Restrict the output to the lines below starting at the one that contains "by (simp add: sv_dom_eq_fst_sv_gph)" and ending at the one that contains "L_def by (auto simp: linear_iff algebra_simps)", and restate them word for word, both ends included.
[Listed entries — start]
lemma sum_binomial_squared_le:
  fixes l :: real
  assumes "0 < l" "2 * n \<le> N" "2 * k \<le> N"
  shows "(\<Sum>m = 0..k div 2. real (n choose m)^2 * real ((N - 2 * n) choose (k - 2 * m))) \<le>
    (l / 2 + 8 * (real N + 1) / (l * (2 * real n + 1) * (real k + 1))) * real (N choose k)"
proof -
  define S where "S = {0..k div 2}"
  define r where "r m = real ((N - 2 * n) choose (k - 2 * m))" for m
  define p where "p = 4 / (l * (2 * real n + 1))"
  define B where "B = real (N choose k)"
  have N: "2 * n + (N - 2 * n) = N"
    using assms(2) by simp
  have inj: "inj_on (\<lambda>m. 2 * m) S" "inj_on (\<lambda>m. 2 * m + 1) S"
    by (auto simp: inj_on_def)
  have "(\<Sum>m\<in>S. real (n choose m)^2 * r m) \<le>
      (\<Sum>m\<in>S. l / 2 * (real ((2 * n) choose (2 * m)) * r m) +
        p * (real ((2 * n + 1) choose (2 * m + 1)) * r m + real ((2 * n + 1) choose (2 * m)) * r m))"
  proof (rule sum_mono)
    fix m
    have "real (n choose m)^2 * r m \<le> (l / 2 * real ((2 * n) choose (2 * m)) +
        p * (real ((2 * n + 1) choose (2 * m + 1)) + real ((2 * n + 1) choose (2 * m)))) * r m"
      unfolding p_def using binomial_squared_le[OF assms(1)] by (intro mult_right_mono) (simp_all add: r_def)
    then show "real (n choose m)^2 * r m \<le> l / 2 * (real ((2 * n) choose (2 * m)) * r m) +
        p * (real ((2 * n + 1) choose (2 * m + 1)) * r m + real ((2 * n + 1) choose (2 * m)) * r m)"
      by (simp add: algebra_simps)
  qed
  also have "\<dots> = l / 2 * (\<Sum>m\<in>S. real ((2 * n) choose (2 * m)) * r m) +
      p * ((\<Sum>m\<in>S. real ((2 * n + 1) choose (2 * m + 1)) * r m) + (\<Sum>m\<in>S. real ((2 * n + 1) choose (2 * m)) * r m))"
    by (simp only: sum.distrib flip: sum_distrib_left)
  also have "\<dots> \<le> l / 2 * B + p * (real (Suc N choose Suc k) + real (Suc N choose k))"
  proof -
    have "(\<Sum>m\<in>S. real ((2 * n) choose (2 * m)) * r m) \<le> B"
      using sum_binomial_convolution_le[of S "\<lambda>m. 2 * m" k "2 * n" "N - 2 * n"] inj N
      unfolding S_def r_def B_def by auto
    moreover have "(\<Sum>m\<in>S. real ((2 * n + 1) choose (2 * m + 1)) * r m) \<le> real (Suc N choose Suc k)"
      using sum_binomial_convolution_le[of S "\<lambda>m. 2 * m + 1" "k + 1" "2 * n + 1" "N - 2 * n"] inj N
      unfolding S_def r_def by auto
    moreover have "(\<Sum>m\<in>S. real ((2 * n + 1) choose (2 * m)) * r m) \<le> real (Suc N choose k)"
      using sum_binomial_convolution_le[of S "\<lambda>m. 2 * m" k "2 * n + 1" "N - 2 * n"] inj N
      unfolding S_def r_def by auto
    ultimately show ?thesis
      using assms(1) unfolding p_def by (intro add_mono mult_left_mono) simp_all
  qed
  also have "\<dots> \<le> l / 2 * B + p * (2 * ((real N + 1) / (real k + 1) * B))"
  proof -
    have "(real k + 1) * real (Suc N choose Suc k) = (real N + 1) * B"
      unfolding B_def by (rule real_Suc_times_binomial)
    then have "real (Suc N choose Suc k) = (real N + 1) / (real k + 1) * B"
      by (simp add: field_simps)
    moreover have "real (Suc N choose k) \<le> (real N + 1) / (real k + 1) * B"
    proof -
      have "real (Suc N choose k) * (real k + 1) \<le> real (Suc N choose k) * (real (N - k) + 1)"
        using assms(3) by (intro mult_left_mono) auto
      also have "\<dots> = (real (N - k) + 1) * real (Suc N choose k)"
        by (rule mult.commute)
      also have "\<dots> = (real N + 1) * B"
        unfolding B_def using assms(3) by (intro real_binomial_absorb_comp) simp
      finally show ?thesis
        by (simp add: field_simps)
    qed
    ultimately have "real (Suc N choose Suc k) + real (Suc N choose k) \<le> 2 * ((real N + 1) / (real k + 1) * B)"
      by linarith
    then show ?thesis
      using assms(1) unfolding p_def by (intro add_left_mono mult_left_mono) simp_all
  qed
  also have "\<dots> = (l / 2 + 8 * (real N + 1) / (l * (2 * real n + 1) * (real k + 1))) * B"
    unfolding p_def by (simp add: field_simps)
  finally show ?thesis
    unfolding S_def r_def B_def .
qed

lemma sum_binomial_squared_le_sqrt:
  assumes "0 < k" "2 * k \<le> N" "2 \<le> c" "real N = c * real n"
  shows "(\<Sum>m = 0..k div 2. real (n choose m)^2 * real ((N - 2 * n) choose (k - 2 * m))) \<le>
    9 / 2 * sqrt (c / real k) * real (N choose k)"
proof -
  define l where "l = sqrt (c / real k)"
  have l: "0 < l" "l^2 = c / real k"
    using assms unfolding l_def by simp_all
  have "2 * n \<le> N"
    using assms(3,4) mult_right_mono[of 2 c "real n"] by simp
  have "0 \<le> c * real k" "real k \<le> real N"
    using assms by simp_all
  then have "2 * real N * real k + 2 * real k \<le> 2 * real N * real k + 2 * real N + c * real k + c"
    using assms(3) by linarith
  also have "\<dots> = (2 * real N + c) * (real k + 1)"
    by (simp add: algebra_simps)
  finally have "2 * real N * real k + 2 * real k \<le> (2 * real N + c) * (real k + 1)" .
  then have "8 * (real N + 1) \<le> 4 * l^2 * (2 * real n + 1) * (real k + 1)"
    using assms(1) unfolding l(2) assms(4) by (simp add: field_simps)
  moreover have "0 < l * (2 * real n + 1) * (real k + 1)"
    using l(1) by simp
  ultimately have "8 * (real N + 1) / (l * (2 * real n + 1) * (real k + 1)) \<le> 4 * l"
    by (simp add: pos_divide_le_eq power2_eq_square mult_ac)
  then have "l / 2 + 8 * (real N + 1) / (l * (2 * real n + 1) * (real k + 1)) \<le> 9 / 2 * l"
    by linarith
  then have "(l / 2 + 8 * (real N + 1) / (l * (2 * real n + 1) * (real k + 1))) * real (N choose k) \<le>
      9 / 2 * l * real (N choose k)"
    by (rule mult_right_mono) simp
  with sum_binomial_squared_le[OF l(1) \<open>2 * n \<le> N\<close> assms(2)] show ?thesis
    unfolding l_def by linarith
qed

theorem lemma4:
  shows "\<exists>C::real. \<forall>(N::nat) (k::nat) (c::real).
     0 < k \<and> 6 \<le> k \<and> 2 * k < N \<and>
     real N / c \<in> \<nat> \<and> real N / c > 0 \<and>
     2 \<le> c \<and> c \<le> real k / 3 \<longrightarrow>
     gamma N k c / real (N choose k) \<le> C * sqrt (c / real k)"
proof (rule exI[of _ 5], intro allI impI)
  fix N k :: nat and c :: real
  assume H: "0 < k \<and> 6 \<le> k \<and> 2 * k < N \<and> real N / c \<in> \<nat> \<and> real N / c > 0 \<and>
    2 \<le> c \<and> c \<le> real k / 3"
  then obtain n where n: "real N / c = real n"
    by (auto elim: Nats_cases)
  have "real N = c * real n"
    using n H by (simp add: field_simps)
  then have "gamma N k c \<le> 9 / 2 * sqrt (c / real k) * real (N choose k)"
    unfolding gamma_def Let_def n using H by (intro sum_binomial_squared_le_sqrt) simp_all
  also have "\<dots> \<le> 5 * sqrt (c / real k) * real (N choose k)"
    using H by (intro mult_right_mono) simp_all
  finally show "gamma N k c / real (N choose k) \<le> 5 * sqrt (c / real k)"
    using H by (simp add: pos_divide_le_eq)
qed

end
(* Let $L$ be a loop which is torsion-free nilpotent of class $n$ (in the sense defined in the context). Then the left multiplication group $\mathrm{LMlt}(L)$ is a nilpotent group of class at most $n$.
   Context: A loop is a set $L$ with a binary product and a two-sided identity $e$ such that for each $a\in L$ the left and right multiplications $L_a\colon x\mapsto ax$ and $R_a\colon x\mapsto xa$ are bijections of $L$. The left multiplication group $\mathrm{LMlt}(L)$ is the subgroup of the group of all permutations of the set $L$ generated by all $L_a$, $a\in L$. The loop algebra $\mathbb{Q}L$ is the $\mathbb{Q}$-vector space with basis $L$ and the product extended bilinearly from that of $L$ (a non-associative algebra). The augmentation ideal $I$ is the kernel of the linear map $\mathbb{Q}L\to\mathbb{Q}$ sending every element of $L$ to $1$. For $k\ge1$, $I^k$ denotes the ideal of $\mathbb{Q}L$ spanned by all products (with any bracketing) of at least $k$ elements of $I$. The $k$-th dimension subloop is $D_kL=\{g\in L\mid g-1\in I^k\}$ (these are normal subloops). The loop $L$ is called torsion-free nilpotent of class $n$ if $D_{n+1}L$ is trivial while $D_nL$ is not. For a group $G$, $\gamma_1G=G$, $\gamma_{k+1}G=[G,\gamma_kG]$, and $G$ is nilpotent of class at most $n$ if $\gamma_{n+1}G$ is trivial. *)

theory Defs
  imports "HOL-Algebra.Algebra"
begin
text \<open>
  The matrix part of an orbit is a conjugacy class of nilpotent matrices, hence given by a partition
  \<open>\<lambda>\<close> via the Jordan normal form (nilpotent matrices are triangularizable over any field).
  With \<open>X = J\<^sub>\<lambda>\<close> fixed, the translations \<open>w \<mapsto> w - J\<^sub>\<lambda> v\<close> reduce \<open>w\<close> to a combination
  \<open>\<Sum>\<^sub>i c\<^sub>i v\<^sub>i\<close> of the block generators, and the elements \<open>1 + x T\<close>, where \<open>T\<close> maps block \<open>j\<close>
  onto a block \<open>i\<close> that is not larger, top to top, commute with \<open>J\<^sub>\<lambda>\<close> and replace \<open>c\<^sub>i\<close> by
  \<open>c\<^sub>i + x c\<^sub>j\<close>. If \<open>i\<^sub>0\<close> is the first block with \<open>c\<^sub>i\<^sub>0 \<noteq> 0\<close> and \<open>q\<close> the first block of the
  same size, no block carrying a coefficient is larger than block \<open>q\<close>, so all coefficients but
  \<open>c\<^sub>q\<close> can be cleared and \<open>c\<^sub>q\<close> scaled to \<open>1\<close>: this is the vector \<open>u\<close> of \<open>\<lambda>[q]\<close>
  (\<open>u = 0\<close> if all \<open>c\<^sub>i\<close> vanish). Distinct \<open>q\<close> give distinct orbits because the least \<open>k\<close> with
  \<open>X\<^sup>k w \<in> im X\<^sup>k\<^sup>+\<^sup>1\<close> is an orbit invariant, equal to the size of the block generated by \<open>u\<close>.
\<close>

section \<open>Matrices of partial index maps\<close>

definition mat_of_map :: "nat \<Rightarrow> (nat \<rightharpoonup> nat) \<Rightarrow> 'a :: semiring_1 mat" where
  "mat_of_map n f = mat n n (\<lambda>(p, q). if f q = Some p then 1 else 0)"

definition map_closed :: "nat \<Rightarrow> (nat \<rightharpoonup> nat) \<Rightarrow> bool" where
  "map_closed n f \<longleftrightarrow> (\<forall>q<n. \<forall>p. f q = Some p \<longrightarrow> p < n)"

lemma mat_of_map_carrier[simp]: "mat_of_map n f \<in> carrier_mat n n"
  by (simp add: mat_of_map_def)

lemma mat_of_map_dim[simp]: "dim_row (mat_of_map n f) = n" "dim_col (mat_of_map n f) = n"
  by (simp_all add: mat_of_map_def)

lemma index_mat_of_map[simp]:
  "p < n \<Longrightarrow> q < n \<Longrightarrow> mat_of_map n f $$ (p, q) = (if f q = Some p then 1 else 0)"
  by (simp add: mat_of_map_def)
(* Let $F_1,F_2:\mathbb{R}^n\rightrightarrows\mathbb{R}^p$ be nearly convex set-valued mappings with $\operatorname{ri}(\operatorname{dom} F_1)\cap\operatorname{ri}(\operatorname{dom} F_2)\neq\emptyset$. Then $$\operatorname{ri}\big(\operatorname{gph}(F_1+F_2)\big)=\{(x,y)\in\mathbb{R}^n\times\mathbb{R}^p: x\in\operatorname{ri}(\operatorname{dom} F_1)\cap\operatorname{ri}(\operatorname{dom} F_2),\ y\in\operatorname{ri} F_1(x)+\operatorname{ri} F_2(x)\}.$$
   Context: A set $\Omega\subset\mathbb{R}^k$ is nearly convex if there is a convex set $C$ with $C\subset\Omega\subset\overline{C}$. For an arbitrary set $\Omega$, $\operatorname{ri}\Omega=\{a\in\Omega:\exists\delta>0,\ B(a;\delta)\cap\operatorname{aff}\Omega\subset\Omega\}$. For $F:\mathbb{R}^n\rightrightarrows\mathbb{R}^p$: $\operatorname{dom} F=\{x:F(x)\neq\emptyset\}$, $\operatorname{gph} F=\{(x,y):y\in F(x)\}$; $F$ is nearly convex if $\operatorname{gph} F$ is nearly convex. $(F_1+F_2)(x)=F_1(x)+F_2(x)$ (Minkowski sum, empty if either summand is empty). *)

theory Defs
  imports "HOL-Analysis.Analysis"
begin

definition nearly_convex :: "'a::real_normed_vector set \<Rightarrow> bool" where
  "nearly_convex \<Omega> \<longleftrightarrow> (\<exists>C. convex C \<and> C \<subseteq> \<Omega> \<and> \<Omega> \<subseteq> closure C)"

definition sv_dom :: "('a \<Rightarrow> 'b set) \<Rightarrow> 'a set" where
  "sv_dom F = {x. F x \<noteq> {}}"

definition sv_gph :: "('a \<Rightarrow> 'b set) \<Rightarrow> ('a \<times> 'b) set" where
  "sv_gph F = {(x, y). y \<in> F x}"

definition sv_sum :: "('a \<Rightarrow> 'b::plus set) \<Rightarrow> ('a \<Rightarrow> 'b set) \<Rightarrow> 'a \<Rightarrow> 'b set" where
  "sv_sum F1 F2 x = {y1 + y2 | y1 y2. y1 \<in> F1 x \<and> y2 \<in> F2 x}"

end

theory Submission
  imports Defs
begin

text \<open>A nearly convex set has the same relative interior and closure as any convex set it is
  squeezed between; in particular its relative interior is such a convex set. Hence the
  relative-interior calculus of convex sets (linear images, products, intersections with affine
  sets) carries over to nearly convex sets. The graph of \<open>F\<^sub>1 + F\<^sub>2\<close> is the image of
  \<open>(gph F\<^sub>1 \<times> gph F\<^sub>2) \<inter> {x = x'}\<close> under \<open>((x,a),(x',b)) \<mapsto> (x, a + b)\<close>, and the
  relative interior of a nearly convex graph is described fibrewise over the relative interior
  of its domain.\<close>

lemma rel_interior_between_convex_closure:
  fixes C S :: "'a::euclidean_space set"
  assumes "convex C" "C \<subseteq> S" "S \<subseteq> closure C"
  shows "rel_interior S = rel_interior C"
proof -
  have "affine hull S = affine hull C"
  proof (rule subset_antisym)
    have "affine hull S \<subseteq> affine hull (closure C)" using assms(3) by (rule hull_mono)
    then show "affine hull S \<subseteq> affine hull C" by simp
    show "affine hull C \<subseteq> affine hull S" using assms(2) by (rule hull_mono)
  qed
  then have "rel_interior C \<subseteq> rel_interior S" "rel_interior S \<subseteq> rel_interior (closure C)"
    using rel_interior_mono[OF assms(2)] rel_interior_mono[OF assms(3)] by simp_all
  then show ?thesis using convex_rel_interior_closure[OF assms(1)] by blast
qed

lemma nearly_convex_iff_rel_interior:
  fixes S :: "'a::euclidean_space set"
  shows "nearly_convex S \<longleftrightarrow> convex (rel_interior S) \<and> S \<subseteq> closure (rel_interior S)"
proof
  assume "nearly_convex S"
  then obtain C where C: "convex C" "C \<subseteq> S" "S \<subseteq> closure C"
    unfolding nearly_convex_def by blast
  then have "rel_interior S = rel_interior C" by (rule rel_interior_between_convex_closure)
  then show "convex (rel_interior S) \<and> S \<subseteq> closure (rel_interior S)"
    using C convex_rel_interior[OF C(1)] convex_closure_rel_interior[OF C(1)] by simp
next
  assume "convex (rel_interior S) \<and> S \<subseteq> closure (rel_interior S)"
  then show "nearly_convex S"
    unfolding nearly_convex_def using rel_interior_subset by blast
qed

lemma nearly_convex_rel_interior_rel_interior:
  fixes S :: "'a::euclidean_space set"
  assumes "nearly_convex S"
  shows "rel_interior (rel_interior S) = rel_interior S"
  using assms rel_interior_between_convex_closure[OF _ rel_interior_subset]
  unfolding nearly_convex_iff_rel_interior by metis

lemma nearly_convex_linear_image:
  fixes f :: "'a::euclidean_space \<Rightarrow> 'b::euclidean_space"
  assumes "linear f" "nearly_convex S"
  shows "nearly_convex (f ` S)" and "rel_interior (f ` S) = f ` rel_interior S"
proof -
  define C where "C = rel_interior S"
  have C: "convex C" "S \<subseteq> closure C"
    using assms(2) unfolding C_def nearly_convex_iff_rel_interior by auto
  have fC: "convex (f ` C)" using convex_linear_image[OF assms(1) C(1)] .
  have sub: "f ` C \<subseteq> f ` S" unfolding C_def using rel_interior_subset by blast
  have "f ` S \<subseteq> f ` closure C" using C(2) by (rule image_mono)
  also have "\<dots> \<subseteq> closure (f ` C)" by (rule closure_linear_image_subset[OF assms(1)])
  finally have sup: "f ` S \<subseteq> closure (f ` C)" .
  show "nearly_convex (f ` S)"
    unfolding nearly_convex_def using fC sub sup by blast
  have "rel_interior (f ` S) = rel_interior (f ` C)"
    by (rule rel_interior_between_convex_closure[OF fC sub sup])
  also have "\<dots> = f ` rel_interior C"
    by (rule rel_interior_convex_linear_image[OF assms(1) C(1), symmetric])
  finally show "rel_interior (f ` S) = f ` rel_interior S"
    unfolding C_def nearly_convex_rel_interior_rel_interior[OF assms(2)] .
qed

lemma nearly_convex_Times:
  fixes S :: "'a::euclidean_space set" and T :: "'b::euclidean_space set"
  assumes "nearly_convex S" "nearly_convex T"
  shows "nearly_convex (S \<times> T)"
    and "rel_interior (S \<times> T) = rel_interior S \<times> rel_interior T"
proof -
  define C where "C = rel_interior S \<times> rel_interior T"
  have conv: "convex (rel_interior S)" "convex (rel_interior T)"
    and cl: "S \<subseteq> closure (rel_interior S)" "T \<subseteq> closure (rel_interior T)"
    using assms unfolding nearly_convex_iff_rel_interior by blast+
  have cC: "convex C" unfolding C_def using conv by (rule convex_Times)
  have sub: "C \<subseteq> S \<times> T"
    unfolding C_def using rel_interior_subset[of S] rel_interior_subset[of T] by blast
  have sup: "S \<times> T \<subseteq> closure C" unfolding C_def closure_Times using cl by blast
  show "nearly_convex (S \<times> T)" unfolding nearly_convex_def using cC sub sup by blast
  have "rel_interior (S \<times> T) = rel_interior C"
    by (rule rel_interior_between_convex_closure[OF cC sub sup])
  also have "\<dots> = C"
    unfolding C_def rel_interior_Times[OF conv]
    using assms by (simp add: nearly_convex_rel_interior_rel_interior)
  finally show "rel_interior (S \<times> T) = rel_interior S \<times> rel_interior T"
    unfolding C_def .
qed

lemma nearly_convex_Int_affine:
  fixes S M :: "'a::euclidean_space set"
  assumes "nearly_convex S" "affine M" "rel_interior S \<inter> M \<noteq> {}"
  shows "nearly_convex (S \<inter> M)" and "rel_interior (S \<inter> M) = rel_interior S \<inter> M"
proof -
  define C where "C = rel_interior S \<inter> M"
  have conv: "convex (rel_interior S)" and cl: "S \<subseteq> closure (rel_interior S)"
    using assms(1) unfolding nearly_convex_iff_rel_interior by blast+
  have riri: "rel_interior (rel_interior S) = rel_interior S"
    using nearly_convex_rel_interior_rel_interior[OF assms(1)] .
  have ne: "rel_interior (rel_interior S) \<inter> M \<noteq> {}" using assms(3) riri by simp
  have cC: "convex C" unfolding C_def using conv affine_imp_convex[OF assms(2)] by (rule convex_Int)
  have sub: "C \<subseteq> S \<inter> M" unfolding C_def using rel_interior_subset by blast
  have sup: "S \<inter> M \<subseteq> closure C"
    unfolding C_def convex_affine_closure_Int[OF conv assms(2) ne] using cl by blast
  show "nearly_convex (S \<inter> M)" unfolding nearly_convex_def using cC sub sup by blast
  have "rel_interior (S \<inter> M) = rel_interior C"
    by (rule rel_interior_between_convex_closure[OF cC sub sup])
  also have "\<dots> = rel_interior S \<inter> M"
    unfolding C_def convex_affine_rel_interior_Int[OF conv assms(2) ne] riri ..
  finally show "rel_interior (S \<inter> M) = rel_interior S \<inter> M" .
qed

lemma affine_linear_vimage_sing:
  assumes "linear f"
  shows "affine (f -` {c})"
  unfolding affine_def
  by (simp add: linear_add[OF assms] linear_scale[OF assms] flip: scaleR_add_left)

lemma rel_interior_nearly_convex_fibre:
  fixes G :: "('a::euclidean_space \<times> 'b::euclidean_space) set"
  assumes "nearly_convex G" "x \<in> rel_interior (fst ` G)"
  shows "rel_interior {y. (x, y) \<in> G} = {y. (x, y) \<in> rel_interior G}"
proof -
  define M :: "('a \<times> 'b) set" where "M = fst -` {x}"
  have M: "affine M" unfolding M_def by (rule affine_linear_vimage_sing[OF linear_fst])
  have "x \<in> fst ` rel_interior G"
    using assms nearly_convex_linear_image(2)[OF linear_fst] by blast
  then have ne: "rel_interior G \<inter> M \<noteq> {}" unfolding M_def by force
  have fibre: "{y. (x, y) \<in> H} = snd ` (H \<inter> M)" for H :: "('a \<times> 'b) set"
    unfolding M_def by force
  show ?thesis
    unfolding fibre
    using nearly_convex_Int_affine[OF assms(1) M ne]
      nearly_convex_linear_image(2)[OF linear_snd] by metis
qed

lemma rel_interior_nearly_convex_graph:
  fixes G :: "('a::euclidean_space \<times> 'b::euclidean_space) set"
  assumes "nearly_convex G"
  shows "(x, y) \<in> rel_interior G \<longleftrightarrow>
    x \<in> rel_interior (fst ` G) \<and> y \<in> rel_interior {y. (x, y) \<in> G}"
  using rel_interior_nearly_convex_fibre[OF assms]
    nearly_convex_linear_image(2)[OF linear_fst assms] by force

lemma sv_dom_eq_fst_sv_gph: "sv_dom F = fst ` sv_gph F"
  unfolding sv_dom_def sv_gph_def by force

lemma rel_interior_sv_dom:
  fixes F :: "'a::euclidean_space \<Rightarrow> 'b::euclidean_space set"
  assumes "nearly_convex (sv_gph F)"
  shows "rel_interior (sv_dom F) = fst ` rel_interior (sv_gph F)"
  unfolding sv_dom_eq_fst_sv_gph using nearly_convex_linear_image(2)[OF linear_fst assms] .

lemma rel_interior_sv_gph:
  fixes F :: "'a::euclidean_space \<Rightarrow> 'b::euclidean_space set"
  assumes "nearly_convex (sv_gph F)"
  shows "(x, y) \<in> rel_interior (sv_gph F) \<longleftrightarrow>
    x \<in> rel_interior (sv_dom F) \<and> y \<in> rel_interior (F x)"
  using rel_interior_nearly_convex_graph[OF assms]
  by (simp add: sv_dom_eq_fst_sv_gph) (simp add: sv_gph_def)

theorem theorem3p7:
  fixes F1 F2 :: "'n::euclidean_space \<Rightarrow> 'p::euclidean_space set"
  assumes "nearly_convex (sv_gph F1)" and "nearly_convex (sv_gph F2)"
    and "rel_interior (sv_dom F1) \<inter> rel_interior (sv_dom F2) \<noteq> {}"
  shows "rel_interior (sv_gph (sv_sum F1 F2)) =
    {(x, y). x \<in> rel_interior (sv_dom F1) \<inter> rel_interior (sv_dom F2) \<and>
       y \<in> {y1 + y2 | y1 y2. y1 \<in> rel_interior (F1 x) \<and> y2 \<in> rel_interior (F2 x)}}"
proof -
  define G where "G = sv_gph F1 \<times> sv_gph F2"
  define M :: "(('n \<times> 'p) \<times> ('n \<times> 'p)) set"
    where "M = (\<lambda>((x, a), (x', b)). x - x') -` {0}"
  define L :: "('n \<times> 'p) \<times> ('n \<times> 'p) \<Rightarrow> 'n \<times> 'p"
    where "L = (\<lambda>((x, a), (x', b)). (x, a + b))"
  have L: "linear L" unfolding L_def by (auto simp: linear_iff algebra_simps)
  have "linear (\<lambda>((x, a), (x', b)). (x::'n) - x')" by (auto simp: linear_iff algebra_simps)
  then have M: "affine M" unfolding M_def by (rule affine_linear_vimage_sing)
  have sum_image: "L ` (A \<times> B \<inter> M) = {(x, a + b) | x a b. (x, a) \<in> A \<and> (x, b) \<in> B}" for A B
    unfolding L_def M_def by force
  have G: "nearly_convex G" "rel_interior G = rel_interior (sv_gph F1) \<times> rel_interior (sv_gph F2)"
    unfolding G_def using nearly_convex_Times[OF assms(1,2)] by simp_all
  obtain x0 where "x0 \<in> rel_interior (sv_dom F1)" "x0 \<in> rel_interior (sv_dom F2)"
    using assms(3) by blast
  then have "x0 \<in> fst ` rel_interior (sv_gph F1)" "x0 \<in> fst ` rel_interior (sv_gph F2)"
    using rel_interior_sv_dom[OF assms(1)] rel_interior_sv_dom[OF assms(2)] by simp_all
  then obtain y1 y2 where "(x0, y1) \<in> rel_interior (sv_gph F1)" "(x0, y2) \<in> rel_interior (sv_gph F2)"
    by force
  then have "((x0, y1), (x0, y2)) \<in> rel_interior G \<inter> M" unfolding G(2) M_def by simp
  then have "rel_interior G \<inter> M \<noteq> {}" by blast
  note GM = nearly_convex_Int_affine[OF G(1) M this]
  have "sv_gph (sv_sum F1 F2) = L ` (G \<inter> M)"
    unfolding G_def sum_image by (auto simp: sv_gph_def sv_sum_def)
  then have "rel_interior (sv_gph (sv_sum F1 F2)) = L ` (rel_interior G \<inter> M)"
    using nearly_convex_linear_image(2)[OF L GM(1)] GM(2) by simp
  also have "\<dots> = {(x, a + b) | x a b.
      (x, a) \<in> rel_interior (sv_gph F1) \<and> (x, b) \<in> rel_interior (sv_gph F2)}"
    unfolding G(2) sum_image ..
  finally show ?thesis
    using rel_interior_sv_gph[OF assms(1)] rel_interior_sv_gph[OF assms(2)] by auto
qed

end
[Listed entries — finish]
*Solved problem*
  by (simp add: sv_dom_eq_fst_sv_gph) (simp add: sv_gph_def)

theorem theorem3p7:
  fixes F1 F2 :: "'n::euclidean_space \<Rightarrow> 'p::euclidean_space set"
  assumes "nearly_convex (sv_gph F1)" and "nearly_convex (sv_gph F2)"
    and "rel_interior (sv_dom F1) \<inter> rel_interior (sv_dom F2) \<noteq> {}"
  shows "rel_interior (sv_gph (sv_sum F1 F2)) =
    {(x, y). x \<in> rel_interior (sv_dom F1) \<inter> rel_interior (sv_dom F2) \<and>
       y \<in> {y1 + y2 | y1 y2. y1 \<in> rel_interior (F1 x) \<and> y2 \<in> rel_interior (F2 x)}}"
proof -
  define G where "G = sv_gph F1 \<times> sv_gph F2"
  define M :: "(('n \<times> 'p) \<times> ('n \<times> 'p)) set"
    where "M = (\<lambda>((x, a), (x', b)). x - x') -` {0}"
  define L :: "('n \<times> 'p) \<times> ('n \<times> 'p) \<Rightarrow> 'n \<times> 'p"
    where "L = (\<lambda>((x, a), (x', b)). (x, a + b))"
  have L: "linear L" unfolding L_def by (auto simp: linear_iff algebra_simps)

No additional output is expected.